Максим Кантор - Учебник рисования
— Марианна Карловна стоит на страже чести нашего дома, — заметила Багратион.
— Честь, — отвечала старуха, — уберечь невозможно. Честь отдают — а, значит, не берегут. Стою на страже, да. Но я сторожу не честь. Я всегда повторяю Алине: пока в силах, дари себя людям. Отдавай честь. Красота должна служить обществу.
Струев хмыкнул.
— Идите к себе, Марианна Карловна, — сказала Алина. — Я позову, если надо будет, — и Струев с удивлением отметил, что барственная Алина как будто ревнует к старухе и хочет ее спровадить.
— Непременно, Алина.

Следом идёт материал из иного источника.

lemma last_qubit_form_controlled:
  assumes "last_qubit_form n \<Phi>"
    and U_scale: "\<And>c f. U (scale c f) = scale c (U f)"
    and U_join: "\<And>f g. U (join_last n f g) = join_last n f (T g)"
    and T_scale: "\<And>c f. T (scale c f) = scale c (T f)"
    and T_stab: "\<And>\<phi>. \<phi> \<in> stab_states n \<Longrightarrow> T \<phi> \<in> scaled_stab n"
    and T_pauli: "\<And>Q. \<exists>R. \<forall>\<phi>. qstate_on n \<phi> \<longrightarrow> T (pauli n Q \<phi>) = pauli n R \<phi>"
  shows "last_qubit_form n (U \<Phi>)"
proof -
  have T0: "T (\<lambda>_. 0) = (\<lambda>_. 0)" using T_scale[of 0 "\<lambda>_. 0"] by (simp add: scale_def)
  from assms(1) show ?thesis
  proof (cases rule: last_qubit_formE)
    case (one \<phi> s)
    obtain c \<phi>' where \<phi>': "\<phi>' \<in> stab_states n" "T \<phi> = scale c \<phi>'" using T_stab[OF one(1)] by (rule scaled_stabE)
    have "join_last n (\<lambda>_. 0) (scale c \<phi>') = scale c (join_last n (\<lambda>_. 0) \<phi>')"
      using join_last_scale[of n c "\<lambda>_. 0" \<phi>'] by (simp add: scale_def)
    then have "U \<Phi> = scale (s * c) (join_last n (\<lambda>_. 0) \<phi>')" using one \<phi>' by (simp add: U_scale U_join scale_scale)
    then show ?thesis using \<phi>' by (simp add: last_qubit_formI(2))
  next
    case (pauli \<phi> s Q)
    obtain R where "\<And>\<phi>. qstate_on n \<phi> \<Longrightarrow> T (pauli n Q \<phi>) = pauli n R \<phi>" using T_pauli by blast
    then show ?thesis
      using pauli by (simp add: U_scale U_join stab_states_qstate_on last_qubit_formI(3))
  qed (simp add: U_scale U_join T0 last_qubit_formI(1))
qed

lemma pauli_Suc: "pauli n (Suc r, xv, zv) \<psi> = scale \<i> (pauli n (r, xv, zv) \<psi>)"
  by (auto simp: pauli_apply scale_def)

lemma last_qubit_form_sgate_last: "last_qubit_form n \<Phi> \<Longrightarrow> last_qubit_form n (sgate n \<Phi>)"
proof (erule last_qubit_form_controlled[where T = "scale \<i>"])
  show "sgate n (join_last n f g) = join_last n f (scale \<i> g)" for f g by (rule sgate_join_last)
  show "scale \<i> (scale c f) = scale c (scale \<i> f)" for c f by (simp add: scale_scale mult.commute)
  show "scale \<i> \<phi> \<in> scaled_stab n" if "\<phi> \<in> stab_states n" for \<phi> using that by (rule scaled_stabI)
  show "\<exists>R. \<forall>\<phi>. qstate_on n \<phi> \<longrightarrow> scale \<i> (pauli n Q \<phi>) = pauli n R \<phi>" for Q
    by (cases Q) (metis pauli_Suc)
qed (rule sgate_scale)

lemma xgate_scale: "xgate a (scale c f) = scale c (xgate a f)"
  by (simp add: xgate_def scale_def)

lemma last_qubit_form_cnot_last:
  assumes "last_qubit_form n \<Phi>" "a < n"
  shows "last_qubit_form n (cnot n a \<Phi>)"
proof (rule last_qubit_form_controlled[where T = "xgate a", OF assms(1)])
  show "cnot n a (join_last n f g) = join_last n f (xgate a g)" for f g using assms(2) by (rule cnot_join_last)
  show "xgate a \<phi> \<in> scaled_stab n" if "\<phi> \<in> stab_states n" for \<phi>
    using that assms(2) by (intro stab_in_scaled_stab stab_states_xgate)
  show "\<exists>R. \<forall>\<phi>. qstate_on n \<phi> \<longrightarrow> xgate a (pauli n Q \<phi>) = pauli n R \<phi>" for Q
  proof -
    obtain R where "\<And>\<psi>. pauli n (0, \<lambda>i. i = a, \<lambda>_. False) (pauli n Q \<psi>) = pauli n R \<psi>"
      using pauli_compose by blast
    then show ?thesis using xgate_pauli[OF qstate_on_pauli assms(2)] by metis
  qed
qed (simp_all add: cnot_scale xgate_scale)

lemma zgate_eq_sgate_sgate: "zgate a \<psi> = sgate a (sgate a \<psi>)"
  by (auto simp: zgate_def sgate_def)

lemma zgate_pauli: "qstate_on n \<psi> \<Longrightarrow> a < n \<Longrightarrow> zgate a \<psi> = pauli n (0, \<lambda>_. False, \<lambda>i. i = a) \<psi>"
proof
  fix y assume v: "qstate_on n \<psi>" and a: "a < n"
  show "zgate a \<psi> y = pauli n (0, \<lambda>_. False, \<lambda>i. i = a) \<psi> y"
  proof (cases "length y = n")
    case True
    have "zphase n (\<lambda>i. i = a) (nth y) = sign_of (y ! a) * (\<Prod>i\<in>{..<n}-{a}. sign_of ((i = a) \<and> y ! i))"
      using zphase_remove[OF a] by simp
    also have "(\<Prod>i\<in>{..<n}-{a}. sign_of ((i = a) \<and> y ! i)) = 1" by (intro prod.neutral) auto
    finally show ?thesis using True by (simp add: zgate_def pauli_apply xflip_False)
  qed (use v in \<open>simp add: zgate_def pauli_apply qstate_onD\<close>)
qed

lemma last_qubit_form_czgate_last:
  assumes "last_qubit_form n \<Phi>" "a < n"
  shows "last_qubit_form n (czgate a n \<Phi>)"
proof (rule last_qubit_form_controlled[where T = "zgate a", OF assms(1)])
  show "czgate a n (scale c f) = scale c (czgate a n f)" for c f by (simp add: czgate_def scale_def algebra_simps)
  show "czgate a n (join_last n f g) = join_last n f (zgate a g)" for f g using assms(2) by (rule czgate_join_last)
  show "zgate a (scale c f) = scale c (zgate a f)" for c f by (simp add: zgate_def scale_def algebra_simps)
  show "zgate a \<phi> \<in> scaled_stab n" if "\<phi> \<in> stab_states n" for \<phi>
    using that assms(2) by (simp add: zgate_eq_sgate_sgate stab_in_scaled_stab stab_states.S)
  show "\<exists>R. \<forall>\<phi>. qstate_on n \<phi> \<longrightarrow> zgate a (pauli n Q \<phi>) = pauli n R \<phi>" for Q
  proof -
    obtain R where "\<And>\<psi>. pauli n (0, \<lambda>_. False, \<lambda>i. i = a) (pauli n Q \<psi>) = pauli n R \<psi>"
      using pauli_compose by blast
    then show ?thesis using zgate_pauli[OF qstate_on_pauli assms(2)] by metis
  qed
qed

lemma last_qubit_form_eigen:
  assumes \<phi>: "\<phi> \<in> stab_states n" and l: "pauli n Q \<phi> = scale l \<phi>"
  shows "last_qubit_form n (join_last n (\<lambda>y. \<phi> y + pauli n Q \<phi> y) (\<lambda>y. \<phi> y - pauli n Q \<phi> y))"
proof (cases "\<exists>y. \<phi> y \<noteq> 0")
  case False
  then have "join_last n (\<lambda>y. \<phi> y + pauli n Q \<phi> y) (\<lambda>y. \<phi> y - pauli n Q \<phi> y) = (\<lambda>_. 0)"
    by (auto simp: l scale_def join_last_def)
  then show ?thesis by (simp add: last_qubit_form_zero)
next
  case True
  have v: "qstate_on n \<phi>" using \<phi> by (rule stab_states_qstate_on)
  have join: "join_last n (\<lambda>y. \<phi> y + pauli n Q \<phi> y) (\<lambda>y. \<phi> y - pauli n Q \<phi> y)
      = scale c (join_last n (scale a \<phi>) (scale b \<phi>))" if "c * a = 1 + l" "c * b = 1 - l" for a b c
    unfolding join_last_scale[symmetric]
    by (intro join_last_eqI) (simp_all add: l scale_def mult.assoc[symmetric] ring_distribs that)
  have "l = 1 \<or> l = -1 \<or> l = \<i> \<or> l = -\<i>" by (rule pauli_eigenvalues[OF v True l])
  then show ?thesis
  proof (elim disjE)
    assume "l = 1"
    then show ?thesis using join[of 2 1 0] last_qubit_formI(1)[OF \<phi>] by (simp add: scale_def)
  next
    assume "l = -1"
    then show ?thesis using join[of 2 0 1] last_qubit_formI(2)[OF \<phi>] by (simp add: scale_def)
  next
    assume "l = \<i>"
    then show ?thesis
      using join[of "1 + \<i>" 1 "- \<i>"] last_qubit_formI(3)[OF \<phi>, of "1 + \<i>" "(3, \<lambda>_. False, \<lambda>_. False)"]
      by (simp add: pauli_identity[OF v] power3_eq_cube scale_one algebra_simps)
  next
    assume "l = -\<i>"
    then show ?thesis
      using join[of "1 - \<i>" 1 \<i>] last_qubit_formI(3)[OF \<phi>, of "1 - \<i>" "(1, \<lambda>_. False, \<lambda>_. False)"]
      by (simp add: pauli_identity[OF v] scale_one algebra_simps)
  qed
qed

text \<open>If the Pauli operator P does not have \<phi> as an eigenvector, it anticommutes with a stabilizer g
  of \<phi>; then g maps \<phi> + P\<phi> to \<phi> - P\<phi>, and \<phi> + P\<phi> is itself a multiple of a stabilizer state.\<close>

lemma last_qubit_form_hadamard_mix:
  assumes \<phi>: "\<phi> \<in> stab_states n"
  shows "last_qubit_form n (join_last n (\<lambda>y. \<phi> y + pauli n Q \<phi> y) (\<lambda>y. \<phi> y - pauli n Q \<phi> y))"
proof -
  have "eigen_or_anticomm n \<phi>" using \<phi> by (rule eigen_or_anticomm_stab_states)
  then consider (eigen) l where "pauli n Q \<phi> = scale l \<phi>"
    | (anti) g where "pauli n g \<phi> = \<phi>" "pauli n Q (pauli n g \<phi>) = scale (-1) (pauli n g (pauli n Q \<phi>))"
    unfolding eigen_or_anticomm_def by blast
  then show ?thesis
  proof cases
    case (eigen l)
    then show ?thesis by (rule last_qubit_form_eigen[OF \<phi>])
  next
    case (anti g)
    define \<psi> where "\<psi> = (\<lambda>y. \<phi> y + pauli n Q \<phi> y)"
    have "\<psi> \<in> scaled_stab n" unfolding \<psi>_def using \<phi> by (rule stab_plus_pauli_scaled_stab)
    then obtain c \<phi>' where \<phi>': "\<phi>' \<in> stab_states n" "\<psi> = scale c \<phi>'" by (rule scaled_stabE)
    have anti': "pauli n Q \<phi> = scale (-1) (pauli n g (pauli n Q \<phi>))" using anti by simp
    then have "pauli n g (pauli n Q \<phi>) = scale (-1) (pauli n Q \<phi>)" by (simp add: scale_def fun_eq_iff)
    then have "pauli n g \<psi> = (\<lambda>y. \<phi> y - pauli n Q \<phi> y)"
      unfolding \<psi>_def pauli_add using anti(1) by (simp add: scale_def)
    then have "join_last n \<psi> (\<lambda>y. \<phi> y - pauli n Q \<phi> y) = scale c (join_last n \<phi>' (pauli n g \<phi>'))"
      using \<phi>'(2) by (simp add: pauli_scale join_last_scale[symmetric])
    then show ?thesis using last_qubit_formI(3)[OF \<phi>'(1)] unfolding \<psi>_def by metis
  qed
qed
lemma nrelabel_in_ncarrier:
  assumes "\<And>a b. a \<in> S \<Longrightarrow> b \<in> S \<Longrightarrow> {\<tau> a, \<tau> b} \<in> E' \<Longrightarrow> {a, b} \<in> E"
    and "x \<in> ncarrier S' E'"
  shows "nrelabel \<tau> S x \<in> ncarrier S E"
  unfolding nrelabel_def
proof (rule ncarrierI)
  show "(if a \<in> S \<and> b \<in> S then snd x (\<tau> a) (\<tau> b) else 0)
      = - (if b \<in> S \<and> a \<in> S then snd x (\<tau> b) (\<tau> a) else 0)" for a b
    using ncarrierD(2)[OF assms(2), of "\<tau> a" "\<tau> b"] by auto
qed (use assms ncarrierD(3)[OF assms(2)] in auto)

lemma nrelabel_nadd: "nrelabel \<tau> S (nadd x y) = nadd (nrelabel \<tau> S x) (nrelabel \<tau> S y)"
  by (simp add: nrelabel_def nadd_def fun_eq_iff)

lemma nrelabel_nsmul: "nrelabel \<tau> S (nsmul c x) = nsmul c (nrelabel \<tau> S x)"
  by (simp add: nrelabel_def nsmul_def fun_eq_iff)

lemma nrelabel_nbracket:
  assumes "simple_graph S E" and "\<And>a b. a \<in> S \<Longrightarrow> b \<in> S \<Longrightarrow> {\<tau> a, \<tau> b} \<in> E' \<longleftrightarrow> {a, b} \<in> E"
  shows "nrelabel \<tau> S (nbracket E' x y) = nbracket E (nrelabel \<tau> S x) (nrelabel \<tau> S y)"
  using simple_graph_edgeD[OF assms(1)]
  by (auto simp: nrelabel_def nbracket_def fun_eq_iff assms(2))

lemma nrelabel_nrelabel:
  assumes "simple_graph S E" "\<And>a. a \<in> S \<Longrightarrow> \<sigma> a \<in> S' \<and> \<tau> (\<sigma> a) = a" "x \<in> ncarrier S E"
  shows "nrelabel \<sigma> S (nrelabel \<tau> S' x) = x"
proof -
  have "snd x a b = 0" if "\<not> (a \<in> S \<and> b \<in> S)" for a b
    using that ncarrierD(3)[OF assms(3)] simple_graph_edgeD[OF assms(1)] by blast
  then show ?thesis
    using assms(2) ncarrierD(1)[OF assms(3)] by (auto simp: nrelabel_def prod_eq_iff fun_eq_iff)
qed

lemma simple_graph_image:
  assumes G: "simple_graph S E" and \<sigma>: "bij_betw \<sigma> S S'"
  shows "simple_graph S' ((\<lambda>e. \<sigma> ` e) ` E)"
proof -
  have "\<sigma> ` e \<in> {{a, b} | a b. a \<in> S' \<and> b \<in> S' \<and> a \<noteq> b}" if "e \<in> E" for e
  proof -
    obtain a b where e: "e = {a, b}" "a \<in> S" "b \<in> S" "a \<noteq> b"
      using simple_graph_edgeE[OF G \<open>e \<in> E\<close>] .
    then have "\<sigma> a \<in> S'" "\<sigma> b \<in> S'" "\<sigma> a \<noteq> \<sigma> b"
      using \<sigma> by (auto simp: bij_betw_def inj_on_def)
    then show ?thesis using e(1) by auto
  qed
  moreover have "finite S'"
    using G \<sigma> bij_betw_finite unfolding simple_graph_def by blast
  ultimately show ?thesis by (simp add: simple_graph_def image_subset_iff)
qed

lemma simple_graph_image_edge_iff:
  assumes G: "simple_graph S E" and "inj_on \<sigma> S" "a \<in> S" "b \<in> S"
  shows "{\<sigma> a, \<sigma> b} \<in> (\<lambda>e. \<sigma> ` e) ` E \<longleftrightarrow> {a, b} \<in> E"
proof -
  have "\<sigma> ` e = \<sigma> ` {a, b} \<longleftrightarrow> e = {a, b}" if "e \<in> E" for e
    by (rule inj_on_image_eq_iff[OF \<open>inj_on \<sigma> S\<close>])
      (use simple_graph_edge_subset[OF G \<open>e \<in> E\<close>] \<open>a \<in> S\<close> \<open>b \<in> S\<close> in auto)
  moreover have "{\<sigma> a, \<sigma> b} \<in> (\<lambda>e. \<sigma> ` e) ` E \<longleftrightarrow> (\<exists>e\<in>E. \<sigma> ` e = \<sigma> ` {a, b})"
    by auto
  ultimately show ?thesis by blast
qed

lemma lie_iso_of_bij_betw:
  assumes G: "simple_graph S E" and \<sigma>: "bij_betw \<sigma> S S'" and E': "E' = (\<lambda>e. \<sigma> ` e) ` E"
  shows "lie_iso TYPE('k::field) S E S' E'"
proof -
  define \<tau> where "\<tau> = inv_into S \<sigma>"
  have \<tau>: "bij_betw \<tau> S' S" unfolding \<tau>_def using \<sigma> by (rule bij_betw_inv_into)
  have \<sigma>\<tau>: "\<And>a. a \<in> S' \<Longrightarrow> \<tau> a \<in> S \<and> \<sigma> (\<tau> a) = a"
    using bij_betwE[OF \<tau>] bij_betw_inv_into_right[OF \<sigma>] unfolding \<tau>_def by simp
  have \<tau>\<sigma>: "\<And>a. a \<in> S \<Longrightarrow> \<sigma> a \<in> S' \<and> \<tau> (\<sigma> a) = a"
    using bij_betwE[OF \<sigma>] bij_betw_inv_into_left[OF \<sigma>] unfolding \<tau>_def by simp
  have G': "simple_graph S' E'"
    unfolding E' using G \<sigma> by (rule simple_graph_image)
  have edges_\<sigma>: "{\<sigma> a, \<sigma> b} \<in> E' \<longleftrightarrow> {a, b} \<in> E" if "a \<in> S" "b \<in> S" for a b
    unfolding E' using G bij_betw_imp_inj_on[OF \<sigma>] that by (rule simple_graph_image_edge_iff)
  have edges_\<tau>: "{\<tau> a, \<tau> b} \<in> E \<longleftrightarrow> {a, b} \<in> E'" if "a \<in> S'" "b \<in> S'" for a b
    using edges_\<sigma>[of "\<tau> a" "\<tau> b"] \<sigma>\<tau>[OF that(1)] \<sigma>\<tau>[OF that(2)] by simp
  have relabel_\<tau>: "nrelabel \<tau> S' x \<in> ncarrier S' E'" if "x \<in> ncarrier S E" for x :: "('a, 'k) nelem"
    using nrelabel_in_ncarrier[OF _ that] edges_\<tau> by blast
  have relabel_\<sigma>: "nrelabel \<sigma> S x \<in> ncarrier S E" if "x \<in> ncarrier S' E'" for x :: "('a, 'k) nelem"
    using nrelabel_in_ncarrier[OF _ that] edges_\<sigma> by blast
  have "bij_betw (nrelabel \<tau> S') (ncarrier S E) (ncarrier S' E' :: ('a, 'k) nelem set)"
    using nrelabel_nrelabel[OF G \<tau>\<sigma>] nrelabel_nrelabel[OF G' \<sigma>\<tau>] relabel_\<tau> relabel_\<sigma>
    by (intro bij_betw_byWitness[where f' = "nrelabel \<sigma> S"]) auto
  then show ?thesis
    unfolding lie_iso_iff_map lie_iso_map_def
    using nrelabel_nadd nrelabel_nsmul nrelabel_nbracket[OF G' edges_\<tau>] by blast
qed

Даже на передовой я находила время для освежающего сна. Но я хочу говорить с вашим кавалером. Искусство с юности меня волнует. Еще в Киеве, замужем за тогдашним комиссаром просвещения, я не пропускала ни одного вернисажа. Какие имена! Стремовский! Красавец, умница, слышали про такого?
— Осип Стремовский? — оскалился Струев.
— Его сын Ося играл у нас на ковре. Муж давал ему играть парабеллумом. Занятно было видеть ребенка с оружием в руках. Я говорила ему: милый Ося, пойдешь ли ты сражаться на баррикадах? Он кивал и надувал щеки. Интересно, добрался ли этот полненький мальчик до баррикад? Каждый должен найти свою баррикаду, чтобы умереть на ней. Отец Оси был крупной фигурой в художественной жизни Киева. Про себя он говорил, что принял вызов времени. Как он оформлял парады! Вы не оформляете парадов?
— К сожалению.
— Напрасно. Что может быть важнее? К чему радовать взгляд одного, если можно доставить счастье многим? Не правда ли, картина как таковая давно умерла? Зиновий Стремовский, отец Оси, еще в Киеве мне говорил, что плоскость отжила свое. Пришло время другого искусства, не так ли?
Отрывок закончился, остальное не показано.